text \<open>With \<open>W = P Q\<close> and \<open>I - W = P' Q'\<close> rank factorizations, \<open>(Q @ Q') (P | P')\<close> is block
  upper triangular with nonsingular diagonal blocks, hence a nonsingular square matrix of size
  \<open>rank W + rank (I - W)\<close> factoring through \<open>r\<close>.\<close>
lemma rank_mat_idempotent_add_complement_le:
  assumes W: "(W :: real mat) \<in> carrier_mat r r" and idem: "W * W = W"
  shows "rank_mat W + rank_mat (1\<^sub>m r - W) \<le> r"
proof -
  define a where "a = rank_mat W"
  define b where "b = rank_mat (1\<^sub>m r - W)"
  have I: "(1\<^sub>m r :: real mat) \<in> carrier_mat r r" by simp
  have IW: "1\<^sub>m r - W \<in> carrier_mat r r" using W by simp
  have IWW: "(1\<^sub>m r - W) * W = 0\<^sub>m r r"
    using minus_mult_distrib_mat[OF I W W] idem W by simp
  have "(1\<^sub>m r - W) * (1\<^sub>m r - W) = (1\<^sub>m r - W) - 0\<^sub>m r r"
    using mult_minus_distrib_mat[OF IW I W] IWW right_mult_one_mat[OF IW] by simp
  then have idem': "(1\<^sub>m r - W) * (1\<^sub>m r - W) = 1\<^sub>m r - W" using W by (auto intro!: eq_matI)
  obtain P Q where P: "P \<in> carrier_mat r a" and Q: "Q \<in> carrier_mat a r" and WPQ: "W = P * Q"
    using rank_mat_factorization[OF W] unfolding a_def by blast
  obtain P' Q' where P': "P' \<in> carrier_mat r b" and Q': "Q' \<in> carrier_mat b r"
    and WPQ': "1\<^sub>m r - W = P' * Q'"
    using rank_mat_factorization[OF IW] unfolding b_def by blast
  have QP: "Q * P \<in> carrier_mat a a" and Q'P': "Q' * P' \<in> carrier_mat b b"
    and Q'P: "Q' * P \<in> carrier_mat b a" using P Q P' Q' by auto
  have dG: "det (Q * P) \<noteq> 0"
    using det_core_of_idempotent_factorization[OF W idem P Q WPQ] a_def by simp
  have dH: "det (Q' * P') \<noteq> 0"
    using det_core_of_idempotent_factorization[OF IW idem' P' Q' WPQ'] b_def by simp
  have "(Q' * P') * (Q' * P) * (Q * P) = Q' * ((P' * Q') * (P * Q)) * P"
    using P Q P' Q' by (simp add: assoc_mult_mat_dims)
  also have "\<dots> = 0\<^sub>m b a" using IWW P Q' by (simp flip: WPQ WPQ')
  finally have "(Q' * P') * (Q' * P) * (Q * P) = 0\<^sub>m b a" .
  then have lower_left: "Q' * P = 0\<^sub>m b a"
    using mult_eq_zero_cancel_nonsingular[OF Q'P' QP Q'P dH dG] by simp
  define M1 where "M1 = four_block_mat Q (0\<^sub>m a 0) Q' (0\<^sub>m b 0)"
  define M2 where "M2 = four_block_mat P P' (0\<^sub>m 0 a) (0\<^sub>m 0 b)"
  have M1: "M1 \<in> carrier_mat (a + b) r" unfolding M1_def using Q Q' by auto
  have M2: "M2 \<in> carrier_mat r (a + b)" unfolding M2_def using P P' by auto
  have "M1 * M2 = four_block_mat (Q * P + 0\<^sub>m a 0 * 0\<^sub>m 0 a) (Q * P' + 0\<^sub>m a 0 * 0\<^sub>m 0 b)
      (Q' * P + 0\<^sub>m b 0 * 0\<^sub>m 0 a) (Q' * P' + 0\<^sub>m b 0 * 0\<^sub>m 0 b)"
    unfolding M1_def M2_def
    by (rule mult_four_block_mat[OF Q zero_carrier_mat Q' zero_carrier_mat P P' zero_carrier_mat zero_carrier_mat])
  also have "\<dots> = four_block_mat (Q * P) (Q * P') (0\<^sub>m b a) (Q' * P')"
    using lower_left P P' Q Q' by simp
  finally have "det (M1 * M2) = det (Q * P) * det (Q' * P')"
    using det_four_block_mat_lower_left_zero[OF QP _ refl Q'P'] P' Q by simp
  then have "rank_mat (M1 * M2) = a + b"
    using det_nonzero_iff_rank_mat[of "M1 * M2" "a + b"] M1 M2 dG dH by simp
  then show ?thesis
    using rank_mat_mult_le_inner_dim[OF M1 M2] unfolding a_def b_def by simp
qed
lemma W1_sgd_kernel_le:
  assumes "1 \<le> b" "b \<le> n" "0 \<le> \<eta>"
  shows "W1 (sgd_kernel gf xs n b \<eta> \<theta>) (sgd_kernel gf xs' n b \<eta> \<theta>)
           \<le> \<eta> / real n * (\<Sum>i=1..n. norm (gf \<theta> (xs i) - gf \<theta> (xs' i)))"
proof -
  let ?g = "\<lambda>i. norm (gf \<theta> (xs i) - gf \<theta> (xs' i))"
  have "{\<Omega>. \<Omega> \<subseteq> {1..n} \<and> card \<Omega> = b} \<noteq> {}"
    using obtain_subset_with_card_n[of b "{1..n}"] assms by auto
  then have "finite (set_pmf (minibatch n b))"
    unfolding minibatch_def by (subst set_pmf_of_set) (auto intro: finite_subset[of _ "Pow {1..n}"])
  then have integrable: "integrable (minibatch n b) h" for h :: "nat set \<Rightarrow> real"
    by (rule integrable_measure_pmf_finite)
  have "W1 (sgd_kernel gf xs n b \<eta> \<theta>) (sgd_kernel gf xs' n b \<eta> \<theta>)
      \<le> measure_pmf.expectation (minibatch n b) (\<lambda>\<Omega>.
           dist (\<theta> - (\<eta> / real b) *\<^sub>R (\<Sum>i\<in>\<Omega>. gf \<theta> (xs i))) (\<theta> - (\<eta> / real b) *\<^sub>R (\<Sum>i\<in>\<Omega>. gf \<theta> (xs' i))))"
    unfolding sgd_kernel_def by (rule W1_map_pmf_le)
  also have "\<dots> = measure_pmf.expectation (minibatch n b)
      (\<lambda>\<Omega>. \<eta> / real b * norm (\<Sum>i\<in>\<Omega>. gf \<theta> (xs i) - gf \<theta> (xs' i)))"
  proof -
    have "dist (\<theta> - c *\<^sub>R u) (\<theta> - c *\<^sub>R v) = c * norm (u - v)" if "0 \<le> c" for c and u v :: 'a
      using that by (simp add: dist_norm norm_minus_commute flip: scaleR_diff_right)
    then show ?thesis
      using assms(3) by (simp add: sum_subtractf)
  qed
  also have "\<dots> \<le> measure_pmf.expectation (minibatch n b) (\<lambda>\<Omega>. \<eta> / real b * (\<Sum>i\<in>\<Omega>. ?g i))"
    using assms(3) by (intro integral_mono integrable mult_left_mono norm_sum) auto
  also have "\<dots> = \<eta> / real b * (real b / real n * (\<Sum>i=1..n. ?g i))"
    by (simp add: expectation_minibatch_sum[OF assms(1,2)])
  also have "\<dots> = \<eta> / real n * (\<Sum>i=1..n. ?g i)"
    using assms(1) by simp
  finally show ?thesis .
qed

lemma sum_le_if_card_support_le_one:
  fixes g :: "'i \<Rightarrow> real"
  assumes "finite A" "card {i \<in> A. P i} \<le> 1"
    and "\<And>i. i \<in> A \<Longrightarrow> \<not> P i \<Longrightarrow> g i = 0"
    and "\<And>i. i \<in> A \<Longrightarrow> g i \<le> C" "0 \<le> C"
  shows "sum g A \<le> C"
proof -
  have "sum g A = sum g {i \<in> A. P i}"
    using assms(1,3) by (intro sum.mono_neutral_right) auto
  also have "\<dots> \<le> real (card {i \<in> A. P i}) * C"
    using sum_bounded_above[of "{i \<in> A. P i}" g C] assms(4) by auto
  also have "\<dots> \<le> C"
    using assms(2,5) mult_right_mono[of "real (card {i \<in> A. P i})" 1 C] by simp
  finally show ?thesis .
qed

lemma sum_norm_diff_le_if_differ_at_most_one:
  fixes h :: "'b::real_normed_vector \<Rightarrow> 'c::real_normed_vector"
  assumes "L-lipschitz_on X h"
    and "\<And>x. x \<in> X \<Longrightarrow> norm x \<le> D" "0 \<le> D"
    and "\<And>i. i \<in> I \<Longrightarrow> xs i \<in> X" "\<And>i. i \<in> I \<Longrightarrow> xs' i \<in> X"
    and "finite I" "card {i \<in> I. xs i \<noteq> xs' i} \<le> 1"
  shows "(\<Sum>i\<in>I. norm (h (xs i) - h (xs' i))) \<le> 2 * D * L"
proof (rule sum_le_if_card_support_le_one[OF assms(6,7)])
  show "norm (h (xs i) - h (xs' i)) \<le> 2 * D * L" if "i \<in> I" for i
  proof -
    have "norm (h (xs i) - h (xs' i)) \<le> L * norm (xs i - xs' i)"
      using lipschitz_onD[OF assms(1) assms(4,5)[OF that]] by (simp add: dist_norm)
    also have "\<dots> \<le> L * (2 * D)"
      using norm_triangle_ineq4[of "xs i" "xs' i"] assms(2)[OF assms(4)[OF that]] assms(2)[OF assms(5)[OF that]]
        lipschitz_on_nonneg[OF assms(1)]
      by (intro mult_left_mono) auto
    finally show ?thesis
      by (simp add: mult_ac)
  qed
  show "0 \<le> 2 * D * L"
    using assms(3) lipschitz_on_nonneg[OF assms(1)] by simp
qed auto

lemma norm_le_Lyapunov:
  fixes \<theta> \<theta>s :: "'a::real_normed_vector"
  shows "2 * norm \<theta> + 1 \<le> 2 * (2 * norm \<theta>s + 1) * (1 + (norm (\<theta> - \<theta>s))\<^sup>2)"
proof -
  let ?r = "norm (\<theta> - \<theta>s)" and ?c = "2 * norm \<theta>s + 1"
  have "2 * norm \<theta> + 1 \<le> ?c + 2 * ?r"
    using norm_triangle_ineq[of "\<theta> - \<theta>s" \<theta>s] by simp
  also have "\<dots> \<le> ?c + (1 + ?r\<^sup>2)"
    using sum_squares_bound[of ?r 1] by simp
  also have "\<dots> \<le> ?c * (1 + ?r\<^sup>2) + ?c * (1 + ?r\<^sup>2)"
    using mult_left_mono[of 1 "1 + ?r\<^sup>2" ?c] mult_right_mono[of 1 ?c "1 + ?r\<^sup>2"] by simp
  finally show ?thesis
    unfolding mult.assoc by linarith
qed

------------

YOUR INSTRUCTIONS: Every line from the line containing "(Q' * P + 0\<^sub>m" through the line containing "by (rule mult_four_block_mat[OF" in the records above must be retyped exactly. Leave out the rest.

SOLUTION TO THE EXERCISE:
      (Q' * P + 0\<^sub>m b 0 * 0\<^sub>m 0 a) (Q' * P' + 0\<^sub>m b 0 * 0\<^sub>m 0 b)"
    unfolding M1_def M2_def
    by (rule mult_four_block_mat[OF Q zero_carrier_mat Q' zero_carrier_mat P P' zero_carrier_mat zero_carrier_mat])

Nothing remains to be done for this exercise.